Macau’s gaming floors should return to some level of ‘normalcy’ once eVisas and package tours from mainland China are brought back in as outlined by Chief Executive Ho Iat Seng at the weekend.
JP Morgan analyst DS Kim believes some operators will be able to report positive EBITDA in the fourth quarter as a result. The analyst believes that mass gaming revenues will rebound to between 25 per cent and 30 per cent of pre-pandemic revenues by the fourth quarter before hitting 85 per cent by the end of next year.
“We feel we can talk about a return to normalcy,” Kim said. “Most operators can turn EBITDA positive when mass GGR hits around 30 per cent to 35 per cent of pre-COVID levels, indicating some companies can start to print positive profits from 4Q.
The analyst said SJM Resorts would be left behind in the recovery though due to new casino operating expenses at Grand Lisboa Palace.
“FCF (free cash flow) break-even can be achieved at around 50 per cent to 60 per cent of mass GGR recovery for most operators, except Galaxy (which can print positive FCF at sub-30 per cent recovery thanks to net cash) and SJM (which probably needs near-full recovery to recover opex from GLP and satellite casinos),” Kim explained. “We expect all operators (again, except SJM) can be FCF positive by 2Q23, so we probably don’t need to worry about ‘liquidity runway’ anymore.”

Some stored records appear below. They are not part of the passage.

(* Let $G$ be a simple graph with $m$ edges and $W$ wedges, let $\mathcal{S}$ be a fixed subset of the wedges of $G$, let $\mathcal{R}=(r_1,\dots,r_s)$ be $s$ independent uniformly random edges of $G$, and let $X$ be the number of index pairs $i<j$ with $\{r_i,r_j\}\in\mathcal{S}$. If $W\ge m$ and $s\ge m/\sqrt{W}$, then $\mathrm{Var}[X] \le 18\, s^3 W^{3/2}/m^3$.
   Context: A wedge is a path of length 2 in $G$, i.e. an unordered pair of distinct edges sharing exactly one vertex; $W$ denotes the total number of wedges of $G$. *)

theory Defs
  imports "HOL-Probability.Probability"
begin

definition simple_graph_edges :: "'a set set \<Rightarrow> bool" where
  "simple_graph_edges E \<longleftrightarrow> finite E \<and> (\<forall>e\<in>E. card e = 2)"

definition wedges :: "'a set set \<Rightarrow> 'a set set set" where
  "wedges E = {{e, f} | e f. e \<in> E \<and> f \<in> E \<and> e \<noteq> f \<and> card (e \<inter> f) = 1}"

definition wedge_pair_count :: "'a set set set \<Rightarrow> nat \<Rightarrow> (nat \<Rightarrow> 'a set) \<Rightarrow> nat" where
  "wedge_pair_count S s r = card {(i, j). i < j \<and> j < s \<and> {r i, r j} \<in> S}"

definition random_edges :: "'a set set \<Rightarrow> nat \<Rightarrow> (nat \<Rightarrow> 'a set) pmf" where
  "random_edges E s = Pi_pmf {..<s} undefined (\<lambda>_. pmf_of_set E)"

end

theory Submission
  imports Defs
begin
definition fibre_corank :: "nat \<Rightarrow> nat \<Rightarrow> (nat \<Rightarrow> real) \<Rightarrow> (nat \<Rightarrow> complex) \<Rightarrow> (nat \<Rightarrow> nat \<Rightarrow> complex)
    \<Rightarrow> complex \<Rightarrow> complex \<Rightarrow> nat" where
  "fibre_corank a D msq p k x z = (a + 1) - vec_space.rank (a+1) (fibre_mat a D msq p k x z)"

text \<open>Generic corank of pi: the corank at a general point of P^1. By lower semicontinuity
 of rank this is the minimum of the fibre corank over all points [x:z] of P^1.\<close>
definition generic_corank :: "nat \<Rightarrow> nat \<Rightarrow> (nat \<Rightarrow> real) \<Rightarrow> (nat \<Rightarrow> complex) \<Rightarrow> (nat \<Rightarrow> nat \<Rightarrow> complex) \<Rightarrow> nat" where
  "generic_corank a D msq p k =
     (LEAST c. \<exists>x z. (x, z) \<noteq> (0, 0) \<and> fibre_corank a D msq p k x z = c)"

end

theory Submission
  imports Defs
begin

(* Write K_i = k_1 + ... + k_(i-1), so that r_i = p + K_i and q_ij = K_j - K_i. The Lagrange-type
   identity  sum_(i<j) (K_j - K_i)^2 y_i y_j = (sum_i K_i^2 y_i)(sum_i y_i) - (sum_i K_i y_i)^2
   shows that over each point [x:z] the fibre form is a quadratic form in only D + 3 linear forms
   of (y, w): the D components of sum_i K_i y_i, sum_i y_i, w and sum_i (m_i^2 - K_i^2) y_i.
   Its Gram matrix therefore has rank at most D + 3 < a + 1, so every fibre, in particular the
   general one, is singular. *)

lemma rank_mat_sum_products_le:
  fixes f g :: "nat \<Rightarrow> nat \<Rightarrow> complex"
  shows "vec_space.rank n (mat n n (\<lambda>(i,j). \<Sum>\<alpha><N. f \<alpha> i * g \<alpha> j)) \<le> N"
proof (induction N)
  case 0
  have "mat n n (\<lambda>(i,j). \<Sum>\<alpha><0. f \<alpha> i * g \<alpha> j) = (0\<^sub>m n n :: complex mat)"
    by (rule eq_matI) auto
  then show ?case by (metis vec_space.rank_0I le_refl)
next
  case (Suc N)
  have split: "mat n n (\<lambda>(i,j). \<Sum>\<alpha><Suc N. f \<alpha> i * g \<alpha> j) =
     mat n n (\<lambda>(i,j). \<Sum>\<alpha><N. f \<alpha> i * g \<alpha> j) + mat n n (\<lambda>(i,j). f N i * g N j)"
    by (rule eq_matI) auto
  have "vec_space.rank n (mat n n (\<lambda>(i,j). f N i * g N j)) \<le> 1"
    by (rule vec_space.rank_le_1_product_entries[where f="f N" and g="g N" and nc=n]) auto
  moreover have "vec_space.rank n (mat n n (\<lambda>(i,j). \<Sum>\<alpha><Suc N. f \<alpha> i * g \<alpha> j)) \<le>
     vec_space.rank n (mat n n (\<lambda>(i,j). \<Sum>\<alpha><N. f \<alpha> i * g \<alpha> j))
       + vec_space.rank n (mat n n (\<lambda>(i,j). f N i * g N j))"
    unfolding split by (rule vec_space.rank_subadditive) auto
  ultimately show ?case using Suc.IH by linarith
qed
(* Let $(\Omega,\mathcal{F},P)$ be a probability space with a filtration $\mathbb{F}=(\mathcal{F}_t)_{t\in[0,T]}$ satisfying the usual conditions, and let $S=(S_t)_{t\in[0,T]}$ be a c\`adl\`ag $\mathbb{R}^d$-valued process adapted to $\mathbb{F}$. Then $S$ is sticky with respect to $\mathbb{F}$ if and only if for every deterministic $t\in[0,T]$ and every strictly positive $\mathcal{F}_t$-measurable random variable $\kappa$, $$P\Big(\sup_{u\in[t,T]}|S_u-S_t|<\kappa\,\Big|\,\mathcal{F}_t\Big)>0\quad\text{a.s.}$$
   Context: The usual conditions mean that $\mathbb{F}$ is right-continuous and $\mathcal{F}_0$ contains all $P$-null sets of $\mathcal{F}$ ($\mathcal{F}_0$ need not be trivial). $|\cdot|$ is the Euclidean norm. A process $S$ is called sticky with respect to $\mathbb{F}$ if for every $\mathbb{F}$-stopping time $\tau$ (with values in $[0,T]$) and every strictly positive $\mathcal{F}_\tau$-measurable random variable $\kappa$, $P(\sup_{u\in[\tau,T]}|S_u-S_\tau|<\kappa\mid\mathcal{F}_\tau)>0$ a.s. *)

theory Defs
  imports "HOL-Probability.Probability"
begin

definition usual_filtration :: "'a measure \<Rightarrow> (real \<Rightarrow> 'a measure) \<Rightarrow> real \<Rightarrow> bool" where
  "usual_filtration M F T \<longleftrightarrow>
     (\<forall>t\<in>{0..T}. subalgebra M (F t)) \<and>
     (\<forall>s\<in>{0..T}. \<forall>t\<in>{0..T}. s \<le> t \<longrightarrow> sets (F s) \<subseteq> sets (F t)) \<and>
     (\<forall>t\<in>{0..<T}. sets (F t) = (\<Inter>s\<in>{t<..T}. sets (F s))) \<and>
     null_sets M \<subseteq> sets (F 0)"

definition cadlag_on :: "'a measure \<Rightarrow> real \<Rightarrow> (real \<Rightarrow> 'a \<Rightarrow> 'd::euclidean_space) \<Rightarrow> bool" where
  "cadlag_on M T S \<longleftrightarrow>
     (\<forall>\<omega>\<in>space M.
        (\<forall>t\<in>{0..<T}. continuous (at_right t) (\<lambda>u. S u \<omega>)) \<and>
        (\<forall>t\<in>{0<..T}. \<exists>l. ((\<lambda>u. S u \<omega>) \<longlongrightarrow> l) (at_left t)))"

definition adapted_on :: "(real \<Rightarrow> 'a measure) \<Rightarrow> real \<Rightarrow> (real \<Rightarrow> 'a \<Rightarrow> 'd::euclidean_space) \<Rightarrow> bool" where
  "adapted_on F T S \<longleftrightarrow> (\<forall>t\<in>{0..T}. S t \<in> borel_measurable (F t))"

definition stopping_time_on :: "'a measure \<Rightarrow> (real \<Rightarrow> 'a measure) \<Rightarrow> real \<Rightarrow> ('a \<Rightarrow> real) \<Rightarrow> bool" where
  "stopping_time_on M F T \<tau> \<longleftrightarrow>
     (\<forall>\<omega>\<in>space M. \<tau> \<omega> \<in> {0..T}) \<and>
     (\<forall>t\<in>{0..T}. {\<omega>\<in>space M. \<tau> \<omega> \<le> t} \<in> sets (F t))"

“The timing/magnitude of easing is earlier/better than expected, adding conviction to our bullish stance on Macau gaming,” Kim added. “Although it’s tough to quantify the immediate benefit, we believe the resumption of eVisa and group tours should alleviate friction for a Macau trip, as well as signal to many that it’s OK to visit Macau, in turn boosting demand into the year-end holidays and 2023.”